Впереди шагал своими длинными ногами «раненый солдат» в тюрбане. Мы молча шли за ним. Несмотря на то, что у него «мозги полопались», память у него нисколько не пострадала. Он привел нас прямиком к нашему дому. И первым вступил в него. Сеней он как бы и не заметил. Уверенной рукой, будто прожил здесь жизнь, нажал на ручку кухонной двери, по-хозяйски перешагнул через порог и тут только бессильно припал спиной к стене. Мама и сестра моя Рисл бросились ему на помощь. Схватив увенчанного тюрбаном гостя за локти, они повели его в каморку сестры. Обе бережно его поддерживали, а мне виделось, что не они ведут его, а он их тащит, с легкостью сунув, как два кулька, себе под мышки. Войдя в каморку, он кульки выпустил и повалился на кровать. Все время, что он у нас жил, а жил он у нас долго, Рисл спала в одной постели со мной.
Словно по уговору, все заботы о «раненом солдате» с первой же минуты его появления в доме взяла на себя Рисл. Докторов она к нему не водила, лекарствами не поила. Как только он вытянулся на кровати, сплющив подушку и упершись белым тюрбаном в изголовье, а ногами, с которых папа успел стащить башмаки, распирая изножье, – сестра принялась за врачевание. И вата у нее нашлась, и пузырек с йодом, ну а ножницам как не быть в доме? Со всем этим нехитрым снаряжением и с тазом чистой воды она подсела к больному. А когда вынесла таз, при каждом ее шаге в воде вздрагивали бурые комочки свалявшейся пакли, в которых трудно было узнать волосы «раненого солдата», так как были они у него черные, как деготь.
Когда Рисл уходила на работу, она всем нам наказывала охранять покой больного, не давать ему и пальцем пошевелить. «Чего только не натерпелся на войне, – сокрушалась она, – вот и голову ему покалечило…»

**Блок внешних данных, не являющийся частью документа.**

(* Let $\varphi:S^1\to S^1$ be an orientation preserving circle homeomorphism with rational rotation number $\varrho=p/q$ ($p,q$ relatively prime) which is semi-periodic, i.e. not conjugate to the rotation $\mathcal{R}_{\varrho}$. Let $\Phi$ be a lift of $\varphi$, $x_0\in\mathbb{R}$, and let $\Gamma=\Gamma(x_0)$ be the curlicue generated by $u_n=\Phi^n(x_0)$. (a) If $\exp(2\pi\imath x_0)$ is a periodic point of $\varphi$, then the following are equivalent: (1) $\frac{1}{q}\sum_{k=0}^{q-1}\exp(2\pi\imath\Phi^k(x_0))=0$; (2) $\Gamma$ is bounded; (3) $\Gamma$ is an equilateral $q$-polygon (i.e. $z_q=z_0$). Moreover, $\Gamma$ (bounded or not) is not superficial, and $\Gamma$ is a regular polygon if and only if the displacements $\Phi^k(x_0)-\Phi^{k-1}(x_0)\bmod 1$, $k\ge1$, along the periodic orbit are all equal. (b) If $\exp(2\pi\imath x_0)$ is not a periodic point of $\varphi$ and $\Gamma$ is bounded, then $\Gamma$ is superficial.
   Context: Identify $S^1=\mathbb{R}/\mathbb{Z}$ via $x\mapsto\exp(2\pi\imath x)$; a lift of $\varphi$ is a homeomorphism $\Phi:\mathbb{R}\to\mathbb{R}$ with $\Phi(x+1)=\Phi(x)+1$ projecting to $\varphi$. For a real sequence $u=(u_n)_{n\ge0}$, the curlicue $\Gamma(u)$ is the piecewise linear curve in $\mathbb{C}$ passing consecutively through $z_0=0$ and $z_n=\sum_{k=0}^{n-1}\exp(2\pi\imath u_k)$, $n\ge1$. A regular polygon is an equilateral and equiangular closed polygon, possibly self-intersecting (convex or star). For $t>0$, $\Gamma_t$ is the initial part of $\Gamma$ of length $t$ and $\Gamma^{\varepsilon}=\{y:\exists x\in\Gamma,|x-y|<\varepsilon\}$. An unbounded curve is superficial if $\lim_{t\to\infty}t/\mathrm{Diam}\,\Gamma_t=\infty$; a bounded curve is superficial if $\lim_{\varepsilon\to0}\mathrm{Area}(\Gamma^{\varepsilon})/\varepsilon=\infty$ (Area = 2-dimensional Lebesgue measure). *)

theory Defs
  imports "HOL-Analysis.Analysis"
begin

Казалось бы, одна только Рисл и могла поверить, что ее подопечный ранен на войне. Ее не было дома, когда он у нас появился впервые. Увидела она его уже в тюрбане. Как было не пожалеть человека с забинтованной головой и в шинели не шинели, а все же в шинели? Тем более что несколько дней его состояние было весьма плачевно. То не произносил ни слова, то в бреду все повторял, что, мол, не здешний он, из Калиша он, и не хочет, чтобы его гоняли на войну, он и так «раненый солдат». О лошади, на долю которой выпало расстаться с жизнью на дне придорожной канавы, никто и не вспоминал. Было также начисто забыто, что именно она, это кроткое создание, нанесла увечье своему бывшему хозяину, и так грубо, оглоблей по голове. Постепенно мы все стали верить в то, что наш незваный гость действительно раненый солдат, и всячески старались облегчить его страдания.

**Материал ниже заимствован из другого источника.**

lemma norm_u_fun_outside_window_le:
  assumes "norm \<xi> = 1" "0 < h" "h \<le> 1" "0 < t" "t \<le> 1" "norm z \<le> 1" "z \<notin> window \<xi> t"
  shows "norm (u_fun \<xi> (1 - h) z) \<le> 4 * h\<^sup>2 / t\<^sup>2"
proof -
  define w where "w = z * cnj \<xi>"
  define a where "a = (1 - h) * norm w"
  define D where "D = (norm (1 - of_real (1 - h) * w))\<^sup>2"
  have nw: "norm w = norm z" using assms(1) by (simp add: w_def norm_mult)
  have a: "0 \<le> a" "a \<le> norm z"
    unfolding a_def nw using assms by (auto intro: mult_left_le_one_le)
  have D0: "0 \<le> D" unfolding D_def by simp
  have "t\<^sup>2 / 4 \<le> D"
  proof (cases "norm z \<le> 1 - t")
    case True
    have "t\<^sup>2 \<le> (1 - a)\<^sup>2" using True a assms by (intro power_mono) auto
    also have "\<dots> \<le> D"
      unfolding D_def norm_one_minus_scaled_sq(1) a_def[symmetric] using a by simp
    finally show ?thesis using D0 by simp
  next
    case False
    then have \<theta>: "t \<le> \<bar>Arg w\<bar>" using assms unfolding window_def w_def by auto
    have D: "D = (a - cos (Arg w))\<^sup>2 + (sin (Arg w))\<^sup>2"
      unfolding D_def norm_one_minus_scaled_sq(2) a_def ..
    show ?thesis
    proof (cases "cos (Arg w) \<le> 0")
      case True
      then have "(cos (Arg w))\<^sup>2 \<le> (a - cos (Arg w))\<^sup>2"
        using a power_mono[of "- cos (Arg w)" "a - cos (Arg w)" 2] by simp
      then have "1 \<le> D" unfolding D using sin_cos_squared_add[of "Arg w"] by linarith
      moreover have "t\<^sup>2 \<le> 1" using assms by (simp add: power_le_one)
      ultimately show ?thesis by simp
    next
      case False
      then have "t\<^sup>2 / 4 \<le> (sin (Arg w))\<^sup>2"
        using \<theta> assms Arg_bounded[of w] by (intro sin_squared_ge) auto
      then show ?thesis unfolding D using zero_le_power2[of "a - cos (Arg w)"] by linarith
    qed
  qed
  moreover have "0 < t\<^sup>2 / 4" using assms by simp
  ultimately have "h\<^sup>2 / D \<le> h\<^sup>2 / (t\<^sup>2 / 4)"
    using zero_le_power2[of h] by (intro divide_left_mono mult_pos_pos) linarith+
  then show ?thesis using assms by (simp add: norm_u_fun D_def w_def mult.commute)
qed

lemma u_fun_dyadic_layer:
  assumes "norm \<xi> = 1" "0 < h" "2 ^ K * h \<le> 1" "norm z \<le> 1"
  obtains k where "k \<le> Suc K" "norm (u_fun \<xi> (1 - h) z) \<le> 16 / 4 ^ k"
    and "k \<le> K \<Longrightarrow> z \<in> window \<xi> (2 ^ k * h)"
proof -
  have "1 * h \<le> 2 ^ K * h" using assms(2) by (intro mult_right_mono one_le_power) auto
  then have h1: "h \<le> 1" using assms(3) by simp
  have outside: "norm (u_fun \<xi> (1 - h) z) \<le> 16 / 4 ^ Suc j"
    if "j \<le> K" "z \<notin> window \<xi> (2 ^ j * h)" for j
  proof -
    have "(2::real) ^ j * h \<le> 2 ^ K * h"
      using that assms by (intro mult_right_mono power_increasing) auto
    then have "2 ^ j * h \<le> 1" using assms(3) by linarith
    then have "norm (u_fun \<xi> (1 - h) z) \<le> 4 * h\<^sup>2 / (2 ^ j * h)\<^sup>2"
      using that assms h1 by (intro norm_u_fun_outside_window_le) auto
    also have "\<dots> = 16 / 4 ^ Suc j"
    proof -
      have "(4::real) ^ j = 2 ^ (j * 2)" unfolding mult.commute[of j 2] power_mult by simp
      then show ?thesis
        using assms(2) by (simp add: power_mult_distrib field_simps flip: power_mult)
    qed
    finally show ?thesis .
  qed
  show ?thesis
  proof (cases "\<exists>k\<le>K. z \<in> window \<xi> (2 ^ k * h)")
    case True
    then obtain k0 where k0: "k0 \<le> K" "z \<in> window \<xi> (2 ^ k0 * h)"
      and below: "\<And>i. i < k0 \<Longrightarrow> z \<notin> window \<xi> (2 ^ i * h)"
      using ex_least_nat_le[of "\<lambda>k. z \<in> window \<xi> (2 ^ k * h)"] by (metis order.trans)
    have "norm (u_fun \<xi> (1 - h) z) \<le> 16 / 4 ^ k0"
    proof (cases k0)
      case 0
      then show ?thesis using norm_u_fun_le_one[OF assms(1,2) h1 assms(4)] by simp
    next
      case (Suc j)
      then show ?thesis using outside[of j] below[of j] k0 by simp
    qed
    with k0 show ?thesis by (intro that[of k0]) auto
  next
    case False
    then show ?thesis using outside[of K] by (intro that[of "Suc K"]) auto
  qed
qed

Здоровье больного улучшилось. Он начал говорить (уже не в бреду), и, пожалуй, даже слишком много. И все с Рисл. И все тихо. Мне очень хотелось знать, о чем это они говорят, почему Рисл сидит с ним часами в своей бывшей каморке. Ну и что с того, что у него «полопались мозги»? Рисл, видать, их неплохо запаяла. Вон и тюрбан уже снят с головы. Волосы по-прежнему черные. Лишь макушка, с которой сестра в виде скорой помощи состригла и бросила в таз бурые комочки, стала розовой и гладкой, как блин. Это мне было видно только с лежанки, на которую я иногда взбиралась погреться. Итак, я никак не могла уловить, о чем Рисл говорит с «раненым солдатом». Зато я ясно улавливала, что мама не прочь от него избавиться.

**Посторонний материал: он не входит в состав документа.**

(* Let $n\ge2$. Under the diagonal top-down model on fully heterochronous ranked tree shapes with $n$ leaves, conditionally on the diagonal $(F_{k,k})_{k=0}^{2n-3}$ of the generated $\mathbf{F}$-matrix $F$, the matrix $F$ is uniformly distributed over all $\mathbf{F}$-matrices of fully heterochronous ranked tree shapes with $n$ leaves having that diagonal.
   Context: A fully heterochronous ranked tree shape with $n$ leaves is a rooted full binary tree (every node has out-degree $0$ or $2$), without leaf labels, with $n$ leaves, together with a total ordering of all $2n-1$ nodes (leaves included) such that nodes appear in increasing order along every path from the root to a leaf; the position of a node in this order, numbered $0,\dots,2n-2$, is its rank. Its $\mathbf{F}$-matrix is the $(2n-2)\times(2n-2)$ lower triangular matrix $F$, indices from $0$ to $2n-3$, where for $0\le j\le i$ the entry $F_{i,j}$ is the number of edges from a parent node $v$ to a child node $w$ with rank of $v$ at most $j$ and rank of $w$ larger than $i$ (entries with a negative index are taken to be $0$). The diagonal of such a matrix is a sequence of positive integers with $F_{0,0}=2$, $F_{k,k}=F_{k-1,k-1}\pm1$ and $F_{2n-3,2n-3}=1$; there are $C_{n-1}=\frac1n\binom{2n-2}{n-1}$ such sequences. Diagonal top-down model: first choose the diagonal $(F_{k,k})_{k=0}^{2n-3}$ uniformly at random among all such valid diagonals. Then build the remaining entries row by row: for $k=1,\dots,2n-3$, given rows $0,\dots,k-1$, choose $L\in\{0,\dots,k-1\}$ with probability $(F_{k-1,L}-F_{k-1,L-1})/F_{k-1,k-1}$ and set $F_{k,j}=F_{k-1,j}$ for $j<L$ and $F_{k,j}=F_{k-1,j}-1$ for $L\le j\le k-1$ (with $F_{k,k}$ the already chosen diagonal entry). Equivalently, the node of rank $k$ is attached as the child end of an edge chosen uniformly at random among the $F_{k-1,k-1}$ edges whose parent has rank at most $k-1$ and whose child has not yet been placed; $L$ is the rank of that parent; the node of rank $k$ is internal if $F_{k,k}=F_{k-1,k-1}+1$ and a leaf otherwise (the last node, of rank $2n-2$, is a leaf attached to the unique remaining edge). *)

theory Defs
  imports "HOL-Probability.Probability"
begin

text \<open>Ranks are identified with nodes: nodes are 0..2n-2, node 0 is the root, and
  par k (for 1 <= k <= 2n-2) is the rank of the parent of node k. Since nodes are totally
  ordered by rank and leaves are unlabelled, a fully heterochronous ranked tree shape is
  exactly such a parent function.\<close>

definition children :: "nat \<Rightarrow> (nat \<Rightarrow> nat) \<Rightarrow> nat \<Rightarrow> nat set" where
  "children n par v = {k \<in> {1..2*n-2}. par k = v}"

definition is_fh_rts :: "nat \<Rightarrow> (nat \<Rightarrow> nat) \<Rightarrow> bool" where
  "is_fh_rts n par \<longleftrightarrow>
     (\<forall>k\<in>{1..2*n-2}. par k < k) \<and>
     (\<forall>v\<in>{0..2*n-2}. card (children n par v) = 0 \<or> card (children n par v) = 2) \<and>
     card {v\<in>{0..2*n-2}. children n par v = {}} = n"

definition Fmat :: "nat \<Rightarrow> (nat \<Rightarrow> nat) \<Rightarrow> nat \<Rightarrow> nat \<Rightarrow> nat" where
  "Fmat n par i j =
     (if i < 2*n-2 \<and> j \<le> i then card {w \<in> {1..2*n-2}. par w \<le> j \<and> i < w} else 0)"

definition Fmatrices :: "nat \<Rightarrow> (nat \<Rightarrow> nat \<Rightarrow> nat) set" where
  "Fmatrices n = {Fmat n par | par. is_fh_rts n par}"

definition diag :: "nat \<Rightarrow> (nat \<Rightarrow> nat \<Rightarrow> nat) \<Rightarrow> nat list" where
  "diag n M = map (\<lambda>k. M k k) [0..<2*n-2]"

definition valid_diags :: "nat \<Rightarrow> nat list set" where
  "valid_diags n = {ds. length ds = 2*n-2 \<and> (\<forall>k<2*n-2. ds ! k > 0) \<and> ds ! 0 = 2 \<and>
      (\<forall>k. 1 \<le> k \<and> k < 2*n-2 \<longrightarrow> ds ! k = ds ! (k-1) + 1 \<or> ds ! k + 1 = ds ! (k-1)) \<and>
      ds ! (2*n-3) = 1}"

definition L_choices :: "(nat \<Rightarrow> nat \<Rightarrow> nat) \<Rightarrow> nat \<Rightarrow> nat multiset" where
  "L_choices M k = (\<Sum>L<k. replicate_mset
      (M (k-1) L - (if L = 0 then 0 else M (k-1) (L-1))) L)"

definition new_row :: "nat list \<Rightarrow> (nat \<Rightarrow> nat \<Rightarrow> nat) \<Rightarrow> nat \<Rightarrow> nat \<Rightarrow> nat \<Rightarrow> nat" where
  "new_row ds M k L j =
     (if j < L then M (k-1) j
      else if j \<le> k-1 then M (k-1) j - 1
      else if j = k then ds ! k else 0)"

fun gen_rows :: "nat list \<Rightarrow> nat \<Rightarrow> (nat \<Rightarrow> nat \<Rightarrow> nat) pmf" where
  "gen_rows ds 0 = return_pmf (\<lambda>i j. if i = 0 \<and> j = 0 then ds ! 0 else 0)"
| "gen_rows ds (Suc k) =
     bind_pmf (gen_rows ds k) (\<lambda>M.
       map_pmf (\<lambda>L. M(Suc k := new_row ds M (Suc k) L)) (pmf_of_multiset (L_choices M (Suc k))))"

definition diag_top_down :: "nat \<Rightarrow> (nat \<Rightarrow> nat \<Rightarrow> nat) pmf" where
  "diag_top_down n = bind_pmf (pmf_of_set (valid_diags n)) (\<lambda>ds. gen_rows ds (2*n-3))"

end

theory Submission
  imports Defs
begin

text \<open>
  The diagonal fixes which nodes are internal: node v > 0 is internal iff F_{v,v} = F_{v-1,v-1} + 1,
  so every node has a prescribed capacity of 2 or 0 children. Describe the rows 0..k generated so
  far by the parent function of the nodes 1..k: entry (i, j) is the number of child slots of nodes
  of rank at most j that are still free once nodes 1..i are attached. The rows are an injective
  image of the parent function, and the choice of L attaches node k+1 to a parent drawn with
  probability (free slots of the parent) / F_{k,k}. Multiplying these probabilities, every node v
  contributes capacity(v)! / free(v)!, so P(p) times the product of the factorials of the free
  slots depends only on the diagonal. As F_{2n-3,2n-3} = 1, at most one slot is free after row
  2n-3, all these factorials are 1 and the parent function is uniform on its support; attaching
  the last node to the remaining free slot identifies that support with the F-matrices of the
  given diagonal.
\<close>

lemma sum_card_fibres_atMost:
  fixes f :: "'a \<Rightarrow> nat"
  assumes "finite W"
  shows "(\<Sum>v\<le>j. card {w\<in>W. f w = v}) = card {w\<in>W. f w \<le> j}"
proof (induction j)
  case (Suc j)
  have "{w\<in>W. f w \<le> Suc j} = {w\<in>W. f w \<le> j} \<union> {w\<in>W. f w = Suc j}" by auto
  moreover have "card ({w\<in>W. f w \<le> j} \<union> {w\<in>W. f w = Suc j})
      = card {w\<in>W. f w \<le> j} + card {w\<in>W. f w = Suc j}"
    by (rule card_Un_disjoint) (use assms in auto)
  ultimately show ?case using Suc by simp
qed simp

lemma sums_atMost_eq_iff:
  fixes f g :: "nat \<Rightarrow> 'a::cancel_comm_monoid_add"
  shows "(\<forall>k\<le>m. (\<Sum>v\<le>k. f v) = (\<Sum>v\<le>k. g v)) \<longleftrightarrow> (\<forall>v\<le>m. f v = g v)"
proof
  assume sums: "\<forall>k\<le>m. (\<Sum>v\<le>k. f v) = (\<Sum>v\<le>k. g v)"
  show "\<forall>v\<le>m. f v = g v"
  proof (intro allI impI)
    fix v assume v: "v \<le> m"
    show "f v = g v"
    proof (cases v)
      case (Suc u)
      then show ?thesis
        using v sums[rule_format, of v] sums[rule_format, of u] by (simp add: atMost_Suc)
    qed (use v sums in auto)
  qed
qed simp

lemma count_sum_replicate_mset_atMost:
  "count (\<Sum>L\<le>(m::nat). replicate_mset (f L) L) x = (if x \<le> m then f x else 0)"
  by (induct m) (auto simp: atMost_Suc le_Suc_eq)

lemma size_sum_replicate_mset_atMost:
  "size (\<Sum>L\<le>(m::nat). replicate_mset (f L) L) = (\<Sum>L\<le>m. f L)"
  by (induct m) (auto simp: atMost_Suc)

lemma prod_fact_decrement:
  assumes "finite A" "L \<in> A" "f L > 0"
  shows "real (f L) * (\<Prod>v\<in>A. fact (f v - (if v = L then 1 else 0)))
    = (\<Prod>v\<in>A. fact (f v) :: real)"
proof -
  have "(\<Prod>v\<in>A. fact (f v - (if v = L then 1 else 0)) :: real)
      = fact (f L - 1) * (\<Prod>v\<in>A - {L}. fact (f v))"
    using assms by (subst prod.remove[of _ L]) (auto intro!: prod.cong)
  moreover have "(\<Prod>v\<in>A. fact (f v) :: real) = fact (f L) * (\<Prod>v\<in>A - {L}. fact (f v))"
    using assms by (subst prod.remove[of _ L]) auto
  moreover have "(fact (f L) :: real) = f L * fact (f L - 1)"
    using assms(3) by (simp add: fact_reduce)
  ultimately show ?thesis by simp
qed

lemma pmf_of_set_if_pmf_constant:
  assumes "finite S" "set_pmf p \<subseteq> S" "\<And>x. x \<in> S \<Longrightarrow> pmf p x = c"
  shows "p = pmf_of_set S"
proof -
  have "real (card S) * c = 1"
    using sum_pmf_eq_1[OF assms(1,2)] assms(3) by simp
  then have S: "S \<noteq> {}" by auto
  with \<open>real (card S) * c = 1\<close> have c: "c = 1 / card S"
    using assms(1) by (simp add: field_simps)
  show ?thesis
  proof (rule pmf_eqI)
    fix x
    show "pmf p x = pmf (pmf_of_set S) x"
      using assms S c by (cases "x \<in> S") (auto simp: pmf_eq_0_set_pmf)
  qed
qed

lemma cond_pmf_bind_pmf_of_set_fibre:
  assumes A: "finite A" "a \<in> A"
    and fibre: "\<And>b x. b \<in> A \<Longrightarrow> x \<in> set_pmf (G b) \<Longrightarrow> f x = b"
  shows "cond_pmf (bind_pmf (pmf_of_set A) G) {x. f x = a} = G a"
proof -
  let ?p = "bind_pmf (pmf_of_set A) G"
  have "A \<noteq> {}" using A by auto
  have "map_pmf f ?p = bind_pmf (pmf_of_set A) return_pmf"
    unfolding map_bind_pmf using A \<open>A \<noteq> {}\<close> fibre
    by (intro bind_pmf_cong refl) (auto simp: map_pmf_eq_return_pmf_iff)
  then have "map_pmf f ?p = pmf_of_set A" by (simp add: bind_return_pmf')
  then have measure: "measure (measure_pmf ?p) {x. f x = a} = 1 / real (card A)"
    using A \<open>A \<noteq> {}\<close> pmf_map[of f ?p a] by (simp add: vimage_def)
  have pmf: "pmf ?p x = pmf (G a) x / real (card A)" if "f x = a" for x
  proof -
    have "pmf (G b) x = 0" if "b \<in> A" "b \<noteq> a" for b
      using fibre[OF that(1)] \<open>f x = a\<close> that(2) by (auto simp: pmf_eq_0_set_pmf)
    then have "(\<Sum>b\<in>A. pmf (G b) x) = pmf (G a) x"
      using A by (subst sum.mono_neutral_right[of A "{a}"]) auto
    then show ?thesis using A \<open>A \<noteq> {}\<close> by (simp add: pmf_bind_pmf_of_set)
  qed
  have "set_pmf ?p \<inter> {x. f x = a} \<noteq> {}"
  proof -
    obtain x where "x \<in> set_pmf (G a)" using set_pmf_not_empty by fast
    then have "x \<in> set_pmf ?p \<inter> {x. f x = a}"
      using A \<open>A \<noteq> {}\<close> fibre by auto
    then show ?thesis by blast
  qed
  moreover have "pmf (G a) x = 0" if "f x \<noteq> a" for x
    using fibre[OF A(2)] that by (auto simp: pmf_eq_0_set_pmf)
  moreover have "real (card A) > 0" using A by (auto simp: card_gt_0_iff)
  ultimately show ?thesis
    by (intro pmf_eqI) (simp add: pmf_cond measure pmf)
qed

definition capacity :: "nat list \<Rightarrow> nat \<Rightarrow> nat" where
  "capacity ds v = (if v = 0 \<or> ds ! v = ds ! (v - 1) + 1 then 2 else 0)"

definition child_count :: "(nat \<Rightarrow> nat) \<Rightarrow> nat \<Rightarrow> nat \<Rightarrow> nat" where
  "child_count p k v = card {w\<in>{1..k}. p w = v}"

definition free_slots :: "nat list \<Rightarrow> (nat \<Rightarrow> nat) \<Rightarrow> nat \<Rightarrow> nat \<Rightarrow> nat" where
  "free_slots ds p k v = capacity ds v - child_count p k v"

definition partial_trees :: "nat list \<Rightarrow> nat \<Rightarrow> (nat \<Rightarrow> nat) set" where
  "partial_trees ds k = {p. (\<forall>w. w \<notin> {1..k} \<longrightarrow> p w = 0) \<and> (\<forall>w\<in>{1..k}. p w < w) \<and>
     (\<forall>v. child_count p k v \<le> capacity ds v)}"

definition slot_choices :: "nat list \<Rightarrow> (nat \<Rightarrow> nat) \<Rightarrow> nat \<Rightarrow> nat multiset" where
  "slot_choices ds p k = (\<Sum>L\<le>k. replicate_mset (free_slots ds p k L) L)"

fun parent_process :: "nat list \<Rightarrow> nat \<Rightarrow> (nat \<Rightarrow> nat) pmf" where
  "parent_process ds 0 = return_pmf (\<lambda>_. 0)"
| "parent_process ds (Suc k) = bind_pmf (parent_process ds k) (\<lambda>p.
     map_pmf (\<lambda>L. p(Suc k := L)) (pmf_of_multiset (slot_choices ds p k)))"

definition partial_Fmat :: "nat list \<Rightarrow> nat \<Rightarrow> (nat \<Rightarrow> nat) \<Rightarrow> nat \<Rightarrow> nat \<Rightarrow> nat" where
  "partial_Fmat ds k p i j = (if i \<le> k \<and> j \<le> i then (\<Sum>v\<le>j. free_slots ds p i v) else 0)"

definition path_weight :: "nat list \<Rightarrow> nat \<Rightarrow> real" where
  "path_weight ds k = (\<Prod>v\<le>k. fact (capacity ds v)) / (\<Prod>i<k. real (ds ! i))"

lemma child_count_fun_upd:
  "child_count (p(Suc k := L)) (Suc k) v = child_count p k v + (if v = L then 1 else 0)"
proof -
  have split: "{w\<in>{1..Suc k}. (p(Suc k := L)) w = v}
      = {w\<in>{1..k}. p w = v} \<union> (if v = L then {Suc k} else {})"
    by auto
  show ?thesis unfolding child_count_def split by (subst card_Un_disjoint) auto
qed

lemma free_slots_fun_upd:
  "free_slots ds (p(Suc k := L)) (Suc k) v = free_slots ds p k v - (if v = L then 1 else 0)"
  unfolding free_slots_def child_count_fun_upd by simp

lemma child_count_fun_upd_below: "i \<le> k \<Longrightarrow> child_count (p(Suc k := L)) i v = child_count p i v"
  unfolding child_count_def by (rule arg_cong[where f=card]) auto

lemma child_count_mono: "i \<le> k \<Longrightarrow> child_count p i v \<le> child_count p k v"
  unfolding child_count_def by (rule card_mono) auto

lemma child_count_le_capacity: "p \<in> partial_trees ds k \<Longrightarrow> child_count p k v \<le> capacity ds v"
  unfolding partial_trees_def by blast

lemma child_count_eq_0:
  assumes "p \<in> partial_trees ds k" "k \<le> v"
  shows "child_count p k v = 0"
proof -
  have "p w < w" if "w \<in> {1..k}" for w
    using assms that unfolding partial_trees_def by auto
  then have "{w\<in>{1..k}. p w = v} = {}" using assms(2) by fastforce
  then show ?thesis by (simp add: child_count_def)
qed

Однажды до меня дошел шепот мамы:
– Новая напасть… Из самого из Калиша, ты когда-нибудь слышал о таком городе? Наверно, жену с детьми оставил в этом своем Калише. Не мальчик же…
А отец:
– Ну и что? Если он из Калиша и если у него там жена и дети, так его не жалко?
– Нашел кого жалеть… Жену и детей жалко. Что они, не евреи? Выгнали их из этого самого Калиша.
– Да откуда ты взяла, что у него жена и дети?
– Возьми глаза в руки. Ты точно твой слепой конь. Лезешь прямо в канаву.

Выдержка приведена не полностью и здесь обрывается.